Re: md raid behavior, bad sector uncorrectable read error

Chris Murphy <lists@xxxxxxxxxxxxxxxxx> · Sun, 19 Aug 2012 12:12:38 -0600

On Aug 19, 2012, at 2:54 AM, Albert Pauw wrote:

> From what I know (and please correct me if I'm wrong), the drive
> happily remaps the sector to a different, spare, location.

Yes. Although there might be a difference between SATA and SAS handling, as SAS ECC is better by a lot. SATA ECC can return false corrections. Small problem.

For this thread, the context I'm curious about, is the detected but uncorrectable sector error. 

My understanding is that since the error is not corrected, the firmware won't remap the sector, but sets it as a pending sector remap until it receives a write command for that LBA. If the write is successful, pending status is removed. If the write persistently fails, the data is written to a reserved (good) sector which then gets that LBA and the bad sector is reserved (bad), no LBA. Since the LBA is the same, neither md nor the file system need to be informed of anything.

> Only when
> it can't do that it throws an error status back. Mind you, more than
> 10 years ago I had a scsi disk in a linux machine which suddenly broke
> down. Checking the logs I saw a lot of remap messages in the log in
> the weeks before. So it maybe that the drive gives warnings back up
> the controller chain.
> If this is true, what is md doing with this? If the remaps increase on
> that particular drive does i throw it out of the raid set?

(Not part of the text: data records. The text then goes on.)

definition lp_optimal ::
  "'a set \<Rightarrow> 'a set \<Rightarrow> ('a \<Rightarrow> 'a \<Rightarrow> real) \<Rightarrow> real \<Rightarrow> ('a \<Rightarrow> real) \<Rightarrow> ('a \<Rightarrow> real)
   \<Rightarrow> ('a set \<Rightarrow> nat) \<Rightarrow> ('a \<Rightarrow> 'a \<Rightarrow> real) \<Rightarrow> ('a \<Rightarrow> real) \<Rightarrow> bool" where
  "lp_optimal P F d p f \<omega> r x y \<longleftrightarrow>
     lp_feasible P F r x y \<and>
     (\<forall>x' y'. lp_feasible P F r x' y' \<longrightarrow> lp_cost P F d p f \<omega> x y \<le> lp_cost P F d p f \<omega> x' y')"

definition feasible_assign :: "'a set \<Rightarrow> 'a set \<Rightarrow> ('a \<Rightarrow> real) \<Rightarrow> ('a \<Rightarrow> 'a \<Rightarrow> real) \<Rightarrow> bool" where
  "feasible_assign P F yb x \<longleftrightarrow>
     (\<forall>v\<in>P. (\<Sum>u\<in>F. x v u) \<ge> 1) \<and> (\<forall>v\<in>P. \<forall>u\<in>F. 0 \<le> x v u \<and> x v u \<le> yb u)"

definition assign_cost ::
  "'a set \<Rightarrow> 'a set \<Rightarrow> ('a \<Rightarrow> 'a \<Rightarrow> real) \<Rightarrow> real \<Rightarrow> ('a \<Rightarrow> real) \<Rightarrow> ('a \<Rightarrow> 'a \<Rightarrow> real) \<Rightarrow> real" where
  "assign_cost P F d p \<omega> x = (\<Sum>v\<in>P. \<Sum>u\<in>F. \<omega> v * d v u powr p * x v u)"

definition optimal_assign ::
  "'a set \<Rightarrow> 'a set \<Rightarrow> ('a \<Rightarrow> 'a \<Rightarrow> real) \<Rightarrow> real \<Rightarrow> ('a \<Rightarrow> real) \<Rightarrow> ('a \<Rightarrow> real)
   \<Rightarrow> ('a \<Rightarrow> 'a \<Rightarrow> real) \<Rightarrow> bool" where
  "optimal_assign P F d p \<omega> yb x \<longleftrightarrow>
     feasible_assign P F yb x \<and>
     (\<forall>x'. feasible_assign P F yb x' \<longrightarrow> assign_cost P F d p \<omega> x \<le> assign_cost P F d p \<omega> x')"

definition clientR :: "'a set \<Rightarrow> ('a \<Rightarrow> 'a \<Rightarrow> real) \<Rightarrow> real \<Rightarrow> ('a \<Rightarrow> 'a \<Rightarrow> real) \<Rightarrow> 'a \<Rightarrow> real" where
  "clientR F d p x v = (\<Sum>u\<in>F. d v u powr p * x v u) powr (1 / p)"

definition consol_step ::
  "('a \<Rightarrow> 'a \<Rightarrow> real) \<Rightarrow> real \<Rightarrow> ('a \<Rightarrow> real) \<Rightarrow> 'a list \<Rightarrow> nat \<times> nat \<Rightarrow> ('a \<Rightarrow> real) \<Rightarrow> ('a \<Rightarrow> real)" where
  "consol_step d p R vs ij w' =
     (case ij of (i, j) \<Rightarrow>
       if d (vs ! i) (vs ! j) \<le> 2 powr ((p + 1) / p) * R (vs ! j) \<and> w' (vs ! i) > 0
       then w'(vs ! i := w' (vs ! i) + w' (vs ! j), vs ! j := 0)
       else w')"

definition consolidate ::
  "('a \<Rightarrow> 'a \<Rightarrow> real) \<Rightarrow> real \<Rightarrow> ('a \<Rightarrow> real) \<Rightarrow> 'a list \<Rightarrow> ('a \<Rightarrow> real) \<Rightarrow> ('a \<Rightarrow> real)" where
  "consolidate d p R vs w =
     fold (consol_step d p R vs) [(i, j). j \<leftarrow> [0..<length vs], i \<leftarrow> [0..<j]] w"

definition Fprime :: "('a \<Rightarrow> 'a \<Rightarrow> real) \<Rightarrow> real \<Rightarrow> ('a \<Rightarrow> real) \<Rightarrow> ('a \<Rightarrow> 'a set) \<Rightarrow> 'a \<Rightarrow> 'a set" where
  "Fprime d p R Fp v = {u \<in> Fp v. d u v \<le> 2 powr (1 / p) * R v}"

definition gammav :: "'a set \<Rightarrow> ('a \<Rightarrow> 'a \<Rightarrow> real) \<Rightarrow> ('a \<Rightarrow> 'a set) \<Rightarrow> 'a \<Rightarrow> real" where
  "gammav F d Fp v = Min ((\<lambda>u. d v u) ` (F - Fp v))"

definition Gset :: "'a set \<Rightarrow> ('a \<Rightarrow> 'a \<Rightarrow> real) \<Rightarrow> ('a \<Rightarrow> 'a set) \<Rightarrow> 'a \<Rightarrow> 'a set" where
  "Gset F d Fp v = {u \<in> Fp v. d v u \<le> gammav F d Fp v}"

definition T_bound ::
  "'a set \<Rightarrow> 'a set \<Rightarrow> ('a \<Rightarrow> 'a \<Rightarrow> real) \<Rightarrow> real \<Rightarrow> ('a \<Rightarrow> real) \<Rightarrow> ('a \<Rightarrow> real)
   \<Rightarrow> ('a \<Rightarrow> 'a set) \<Rightarrow> ('a \<Rightarrow> real) \<Rightarrow> real" where
  "T_bound P' F d p f w' Fp yb =
     (\<Sum>u\<in>F. f u * yb u) +
     (\<Sum>v\<in>P'. w' v * ((\<Sum>u\<in>Gset F d Fp v. d v u powr p * yb u) +
        3 powr p * gammav F d Fp v powr p * (1 - (\<Sum>u\<in>Gset F d Fp v. yb u))))"

definition in_polytope ::
  "'a set \<Rightarrow> 'a set \<Rightarrow> ('a \<Rightarrow> 'a \<Rightarrow> real) \<Rightarrow> real \<Rightarrow> ('a set \<Rightarrow> nat) \<Rightarrow> ('a \<Rightarrow> real)
   \<Rightarrow> ('a \<Rightarrow> 'a set) \<Rightarrow> ('a \<Rightarrow> real) \<Rightarrow> bool" where
  "in_polytope P' F d p r R Fp yb \<longleftrightarrow>
     (\<forall>u\<in>F. 0 \<le> yb u) \<and>
     (\<forall>S. S \<subseteq> F \<longrightarrow> (\<Sum>u\<in>S. yb u) \<le> real (r S)) \<and>
     (\<forall>v\<in>P'. (\<Sum>u\<in>Fprime d p R Fp v. yb u) \<ge> 1 / 2 \<and> (\<Sum>u\<in>Gset F d Fp v. yb u) \<le> 1)"

end

theory Submission
  imports Defs
begin

text \<open>Consolidation leaves any two surviving clients a and b at distance more than
  2 * 2^(1/p) R(b).  Each surviving client v sees a neighbouring cell, that of the client v''
  owning the facility outside F(v) nearest to v; both radii 2^(1/p) R are below \<gamma>_v, so
  F'(v) \<subseteq> G(v) and every facility of F'(v'') lies within 3\<gamma>_v of v.  Since F'(v'')
  carries mass at least 1/2, the mass missing from G(v) can be routed to F'(v'') at distance
  at most 3\<gamma>_v, which gives the per-client term of T.\<close>

lemma metric_on_subset: "metric_on A d \<Longrightarrow> B \<subseteq> A \<Longrightarrow> metric_on B d"
  unfolding metric_on_def by blast

lemma metric_on_sym: "metric_on A d \<Longrightarrow> a \<in> A \<Longrightarrow> b \<in> A \<Longrightarrow> d a b = d b a"
  unfolding metric_on_def by simp

lemma powr_succ_div: "p \<noteq> 0 \<Longrightarrow> 0 \<le> b \<Longrightarrow> (b::real) powr ((p + 1) / p) = b * b powr (1 / p)"
  by (cases "b = 0") (simp_all add: add_divide_distrib powr_add)

lemma card_ge_2_obtains_distinct:
  assumes "2 \<le> card A"
  obtains a b where "a \<in> A" "b \<in> A" "a \<noteq> b"
proof -
  have "finite A" using assms card.infinite by fastforce
  obtain a where a: "a \<in> A" using assms by (metis card.empty ex_in_conv not_numeral_le_zero)
  have "1 \<le> card (A - {a})" using assms a \<open>finite A\<close> by (simp add: card_Diff_singleton)
  then obtain b where "b \<in> A - {a}" by (metis card.empty ex_in_conv not_one_le_zero)
  then show thesis using that a by blast
qed

lemma set_consolidation_pairs:
  "set [(i, j). j \<leftarrow> [0..<n], i \<leftarrow> [0..<j]] = {(i, j). i < j \<and> j < n}"
  by auto

lemma consol_step_keeps_zero: "g c = 0 \<Longrightarrow> consol_step d p R vs ij g c = 0"
  unfolding consol_step_def by (cases ij) auto

lemma fold_consol_step_keeps_zero: "g c = 0 \<Longrightarrow> fold (consol_step d p R vs) L g c = 0"
  by (induction L arbitrary: g) (auto simp: consol_step_keeps_zero)

lemma fold_consol_step_nonneg:
  assumes "\<forall>v\<in>set vs. 0 \<le> g v" and "\<forall>(i, j)\<in>set L. i < length vs \<and> j < length vs"
  shows "\<forall>v\<in>set vs. 0 \<le> fold (consol_step d p R vs) L g v"
  using assms
proof (induction L arbitrary: g)
  case (Cons ij L)
  have "\<forall>v\<in>set vs. 0 \<le> consol_step d p R vs ij g v"
    using Cons.prems unfolding consol_step_def by (cases ij) (auto simp: nth_mem)
  with Cons show ?case by simp
qed simp

lemma consolidate_nonneg:
  assumes "\<forall>v\<in>set vs. 0 \<le> w v" and "v \<in> set vs"
  shows "0 \<le> consolidate d p R vs w v"
  using fold_consol_step_nonneg[OF assms(1)] assms(2) unfolding consolidate_def
  by (simp add: set_consolidation_pairs)

lemma consolidate_survivors_far_apart:
  assumes ij: "i < j" "j < length vs" and w_nonneg: "\<forall>v\<in>set vs. 0 \<le> w v"
    and survive: "consolidate d p R vs w (vs ! i) \<noteq> 0" "consolidate d p R vs w (vs ! j) \<noteq> 0"
  shows "2 powr ((p + 1) / p) * R (vs ! j) < d (vs ! i) (vs ! j)"
proof -
  let ?L = "[(i, j). j \<leftarrow> [0..<length vs], i \<leftarrow> [0..<j]]"
  let ?step = "consol_step d p R vs"
  have "(i, j) \<in> set ?L" using ij by (simp only: set_consolidation_pairs) auto
  then obtain L1 L2 where L: "?L = L1 @ (i, j) # L2" by (meson split_list)
  define g where "g = fold ?step L1 w"
  have result: "consolidate d p R vs w = fold ?step L2 (?step (i, j) g)"
    unfolding consolidate_def L g_def by simp
  have "set L1 \<subseteq> set ?L" unfolding L by auto
  also have "\<dots> = {(i, j). i < j \<and> j < length vs}" by (rule set_consolidation_pairs)
  finally have "\<forall>(i, j)\<in>set L1. i < length vs \<and> j < length vs" by auto
  then have "0 \<le> g (vs ! i)"
    using fold_consol_step_nonneg[OF w_nonneg] ij unfolding g_def by simp
  moreover have "g (vs ! i) \<noteq> 0"
  proof
    assume "g (vs ! i) = 0"
    then have "consolidate d p R vs w (vs ! i) = 0"
      unfolding result by (intro fold_consol_step_keeps_zero consol_step_keeps_zero)
    with survive(1) show False by contradiction
  qed
  moreover have "?step (i, j) g (vs ! j) \<noteq> 0"
  proof
    assume "?step (i, j) g (vs ! j) = 0"
    then have "consolidate d p R vs w (vs ! j) = 0"
      unfolding result by (rule fold_consol_step_keeps_zero)
    with survive(2) show False by contradiction
  qed
  then have "\<not> (d (vs ! i) (vs ! j) \<le> 2 powr ((p + 1) / p) * R (vs ! j) \<and> 0 < g (vs ! i))"
    unfolding consol_step_def by auto
  ultimately show ?thesis by linarith
qed

lemma consolidate_survivors_separated:
  assumes sorted: "sorted_wrt (\<lambda>a b. R a \<le> R b) vs"
    and w_nonneg: "\<forall>v\<in>set vs. 0 \<le> w v"
    and d_sym: "\<forall>a\<in>set vs. \<forall>b\<in>set vs. d a b = d b a"
    and ab: "a \<in> set vs" "b \<in> set vs" "a \<noteq> b"
    and survive: "consolidate d p R vs w a \<noteq> 0" "consolidate d p R vs w b \<noteq> 0"
  shows "2 powr ((p + 1) / p) * R b < d a b"
proof -
  obtain i j where i: "i < length vs" "vs ! i = a" and j: "j < length vs" "vs ! j = b"
    using ab by (metis in_set_conv_nth)
  have "i \<noteq> j" using i j ab by auto
  then consider "i < j" | "j < i" by linarith
  then show ?thesis
  proof cases
    case 1
    then show ?thesis using consolidate_survivors_far_apart[OF 1 j(1) w_nonneg] survive i j by simp
  next
    case 2
    \<comment> \<open>the later client a has the larger radius, so the bound at a implies the one at b\<close>
    have "2 powr ((p + 1) / p) * R a < d b a"
      using consolidate_survivors_far_apart[OF 2 i(1) w_nonneg] survive i j by simp
    moreover have "R b \<le> R a" using sorted_wrt_nth_less[OF sorted 2 i(1)] i j by simp
    then have "2 powr ((p + 1) / p) * R b \<le> 2 powr ((p + 1) / p) * R a"
      by (rule mult_left_mono) simp
    moreover have "d b a = d a b" using d_sym ab by blast
    ultimately show ?thesis by linarith
  qed
qed
(* For every positive integer $k$, there exist a binary matrix $A_k$ and binary column vectors $x_1,\dots,x_k$ such that $R_{bool}(A_k|x_i)=R_{bool}(A_k)=4$ for all $1\le i\le k$, but $R_{bool}(A_k|x_1,\dots,x_k)\ge k$.
   Context: For a binary $n\times m$ matrix $A$, $R_{bool}(A)$ is the least $k$ such that $A=UV$ with $U\in\{0,1\}^{n\times k}$, $V\in\{0,1\}^{k\times m}$ and the product computed in the Boolean semiring ($1+1=1$). $(A|x_1,\dots,x_t)$ denotes $A$ with the columns $x_1,\dots,x_t$ appended on the right. *)

theory Defs
  imports Main
begin

text \<open>A binary n x m matrix is represented as a function nat => nat => bool,
  only entries i < n, j < m being relevant. True = 1, False = 0.\<close>

definition bool_factorizes :: "nat \<Rightarrow> nat \<Rightarrow> (nat \<Rightarrow> nat \<Rightarrow> bool) \<Rightarrow> nat \<Rightarrow> bool" where
  "bool_factorizes n m A k \<longleftrightarrow>
     (\<exists>U V :: nat \<Rightarrow> nat \<Rightarrow> bool.
        \<forall>i<n. \<forall>j<m. A i j = (\<exists>l<k. U i l \<and> V l j))"

definition bool_rank :: "nat \<Rightarrow> nat \<Rightarrow> (nat \<Rightarrow> nat \<Rightarrow> bool) \<Rightarrow> nat" where
  "bool_rank n m A = (LEAST k. bool_factorizes n m A k)"

text \<open>(A | x_0, ..., x_{t-1}) for an n x m matrix A: column m + c is the vector x c
  (x c i is its i-th entry).\<close>
definition append_cols :: "nat \<Rightarrow> (nat \<Rightarrow> nat \<Rightarrow> bool) \<Rightarrow> (nat \<Rightarrow> nat \<Rightarrow> bool) \<Rightarrow> nat \<Rightarrow> nat \<Rightarrow> bool" where
  "append_cols m A x i j = (if j < m then A i j else x (j - m) i)"

end

theory Submission
  imports Defs
begin

(* The rows of A_k are k copies of 1100 followed by 1000, 0010 and 0001, and
   x_c = e_c + e_k. Lower bounds on the Boolean rank come from fooling sets: one-entries no
   two of which fit into a common all-ones rectangle need pairwise distinct rank-one factors.
   The one-entries of A_k in rows 0, k, k+1, k+2 form a fooling set of size 4, and a single
   rectangle (rows c and k, column 0 and the new column) covers the ones of x_c, so each
   (A_k|x_c) still has rank 4. After appending all columns, the ones (c, x_c) with c < k
   form a fooling set of size k. *)

definition fooling_set ::
  "nat \<Rightarrow> nat \<Rightarrow> (nat \<Rightarrow> nat \<Rightarrow> bool) \<Rightarrow> nat \<Rightarrow> (nat \<Rightarrow> nat) \<Rightarrow> (nat \<Rightarrow> nat) \<Rightarrow> bool" where
  "fooling_set n m A p f g \<longleftrightarrow>
     (\<forall>t<p. f t < n \<and> g t < m \<and> A (f t) (g t)) \<and>
     (\<forall>s<p. \<forall>t<p. s \<noteq> t \<longrightarrow> \<not> A (f s) (g t) \<or> \<not> A (f t) (g s))"

lemma bool_factorizes_ncols: "bool_factorizes n m A m"
  unfolding bool_factorizes_def
  by (rule exI[of _ A], rule exI[of _ "\<lambda>l j. l = j"]) auto

lemma bool_factorizes_bool_rank: "bool_factorizes n m A (bool_rank n m A)"
  unfolding bool_rank_def using bool_factorizes_ncols by (rule LeastI)

lemma bool_rank_le: "bool_factorizes n m A r \<Longrightarrow> bool_rank n m A \<le> r"
  unfolding bool_rank_def by (rule Least_le)

lemma fooling_set_le_bool_factorizes:
  assumes fool: "fooling_set n m A p f g" and fac: "bool_factorizes n m A r"
  shows "p \<le> r"
proof -
  obtain U V where UV: "\<forall>i<n. \<forall>j<m. A i j = (\<exists>l<r. U i l \<and> V l j)"
    using fac unfolding bool_factorizes_def by blast
  have ones: "\<And>t. t < p \<Longrightarrow> f t < n \<and> g t < m \<and> A (f t) (g t)"
    and fooling: "\<And>s t. s < p \<Longrightarrow> t < p \<Longrightarrow> s \<noteq> t \<Longrightarrow> \<not> A (f s) (g t) \<or> \<not> A (f t) (g s)"
    using fool unfolding fooling_set_def by blast+
  have "\<forall>t. \<exists>l. t < p \<longrightarrow> l < r \<and> U (f t) l \<and> V l (g t)"
    using ones UV by blast
  then obtain h where h: "\<And>t. t < p \<Longrightarrow> h t < r \<and> U (f t) (h t) \<and> V (h t) (g t)"
    by metis
  have "inj_on h {..<p}"
  proof (rule inj_onI, rule ccontr)
    fix s t assume s: "s \<in> {..<p}" and t: "t \<in> {..<p}" and "h s = h t" "s \<noteq> t"
    then have "A (f s) (g t)" and "A (f t) (g s)"
      using UV ones[of s] ones[of t] h[of s] h[of t] by auto
    then show False using fooling[of s t] s t \<open>s \<noteq> t\<close> by auto
  qed
  moreover have "h ` {..<p} \<subseteq> {..<r}" using h by auto
  ultimately show "p \<le> r"
    using card_inj_on_le[of h "{..<p}" "{..<r}"] by simp
qed

lemma fooling_set_le_bool_rank: "fooling_set n m A p f g \<Longrightarrow> p \<le> bool_rank n m A"
  using fooling_set_le_bool_factorizes bool_factorizes_bool_rank by blast

lemma bool_factorizes_append_colsD:
  "bool_factorizes n (m + t) (append_cols m A x) r \<Longrightarrow> bool_factorizes n m A r"
  unfolding bool_factorizes_def append_cols_def by (metis trans_less_add1)

lemma bool_rank_le_append_cols:
  "bool_rank n m A \<le> bool_rank n (m + t) (append_cols m A x)"
  by (rule bool_rank_le, rule bool_factorizes_append_colsD, rule bool_factorizes_bool_rank)

definition example_matrix :: "nat \<Rightarrow> nat \<Rightarrow> nat \<Rightarrow> bool" where
  "example_matrix k i j \<longleftrightarrow>
     (i < k \<and> j < 2) \<or> (i = k \<and> j = 0) \<or> (i = k + 1 \<and> j = 2) \<or> (i = k + 2 \<and> j = 3)"

definition example_column :: "nat \<Rightarrow> nat \<Rightarrow> nat \<Rightarrow> bool" where
  "example_column k c i \<longleftrightarrow> i = c \<or> i = k"

lemma less_4_cases: "(t::nat) < 4 \<longleftrightarrow> t = 0 \<or> t = 1 \<or> t = 2 \<or> t = 3"
  by auto

lemma ex_less_4: "(\<exists>l<(4::nat). P l) \<longleftrightarrow> P 0 \<or> P 1 \<or> P 2 \<or> P 3"
  by (auto simp: less_4_cases)

lemma fooling_set_example_matrix:
  "0 < k \<Longrightarrow> fooling_set (k + 3) 4 (example_matrix k) 4
     (\<lambda>t. if t = 0 then 0 else k + t - 1) (\<lambda>t. if t = 0 then 1 else if t = 1 then 0 else t)"
  unfolding fooling_set_def example_matrix_def less_4_cases by auto

lemma bool_factorizes_example_append_column:
  assumes "c < k"
  shows "bool_factorizes (k + 3) (4 + 1) (append_cols 4 (example_matrix k) (\<lambda>_. example_column k c)) 4"
  unfolding bool_factorizes_def
  apply (rule exI[of _ "\<lambda>i l. (l = 0 \<and> i < k) \<or> (l = 1 \<and> (i = k \<or> i = c)) \<or>
                               (l = 2 \<and> i = k + 1) \<or> (l = 3 \<and> i = k + 2)"])
  apply (rule exI[of _ "\<lambda>l j. (l = 0 \<and> j < 2) \<or> (l = 1 \<and> (j = 0 \<or> j = 4)) \<or>
                               (l = 2 \<and> j = 2) \<or> (l = 3 \<and> j = 3)"])
  using assms by (auto simp: ex_less_4 append_cols_def example_matrix_def example_column_def)

lemma fooling_set_example_all_columns:
  "fooling_set (k + 3) (4 + k) (append_cols 4 (example_matrix k) (example_column k)) k
     (\<lambda>t. t) (\<lambda>t. 4 + t)"
  unfolding fooling_set_def append_cols_def example_column_def by auto

theorem theorem6:
  fixes k :: nat
  assumes "k \<ge> 1"
  shows "\<exists>(n::nat) (m::nat) (A :: nat \<Rightarrow> nat \<Rightarrow> bool) (x :: nat \<Rightarrow> nat \<Rightarrow> bool).
           bool_rank n m A = 4 \<and>
           (\<forall>c<k. bool_rank n (m + 1) (append_cols m A (\<lambda>_. x c)) = 4) \<and>
           bool_rank n (m + k) (append_cols m A x) \<ge> k"
proof (intro exI conjI allI impI)
  let ?A = "example_matrix k"
  have "0 < k" using assms by simp
  then have rank_ge: "4 \<le> bool_rank (k + 3) 4 ?A"
    by (rule fooling_set_le_bool_rank[OF fooling_set_example_matrix])
  have rank_append_le: "bool_rank (k + 3) (4 + 1) (append_cols 4 ?A (\<lambda>_. example_column k c)) \<le> 4"
    if "c < k" for c
    using bool_factorizes_example_append_column[OF that] by (rule bool_rank_le)
  have rank_mono: "bool_rank (k + 3) 4 ?A \<le>
      bool_rank (k + 3) (4 + 1) (append_cols 4 ?A (\<lambda>_. example_column k c))" for c
    by (rule bool_rank_le_append_cols)
  show "bool_rank (k + 3) 4 ?A = 4"
    using rank_ge rank_append_le[OF \<open>0 < k\<close>] rank_mono[of 0] by linarith
  fix c assume "c < k"
  then show "bool_rank (k + 3) (4 + 1) (append_cols 4 ?A (\<lambda>_. example_column k c)) = 4"
    using rank_ge rank_append_le[of c] rank_mono[of c] by linarith
next
  show "k \<le> bool_rank (k + 3) (4 + k) (append_cols 4 (example_matrix k) (example_column k))"
    using fooling_set_example_all_columns by (rule fooling_set_le_bool_rank)
qed

end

What I'd like to see happen, is read errors cause chunk reconstruction from parity (or mirrored copy), and rewritten to disk. If it's just on-the-fly correction, without re-writing the chunk, then we'd need to run 'echo repair > /sys/block/mdX/md/sync_action' which would take an awfully long time in comparison.

On Aug 19, 2012, at 3:47 AM, Mikael Abrahamsson wrote:
> If I remember correctly from what has been described here before, a read error will cause a re-write with information created from parity

That's the thing I'd like to get a definitive answer one. If only it were easy to simulate bad sectors in VM's I could just test it!

> If it throws a write error, the drive is kicked from the array (because a drive with write errors is clearly defective).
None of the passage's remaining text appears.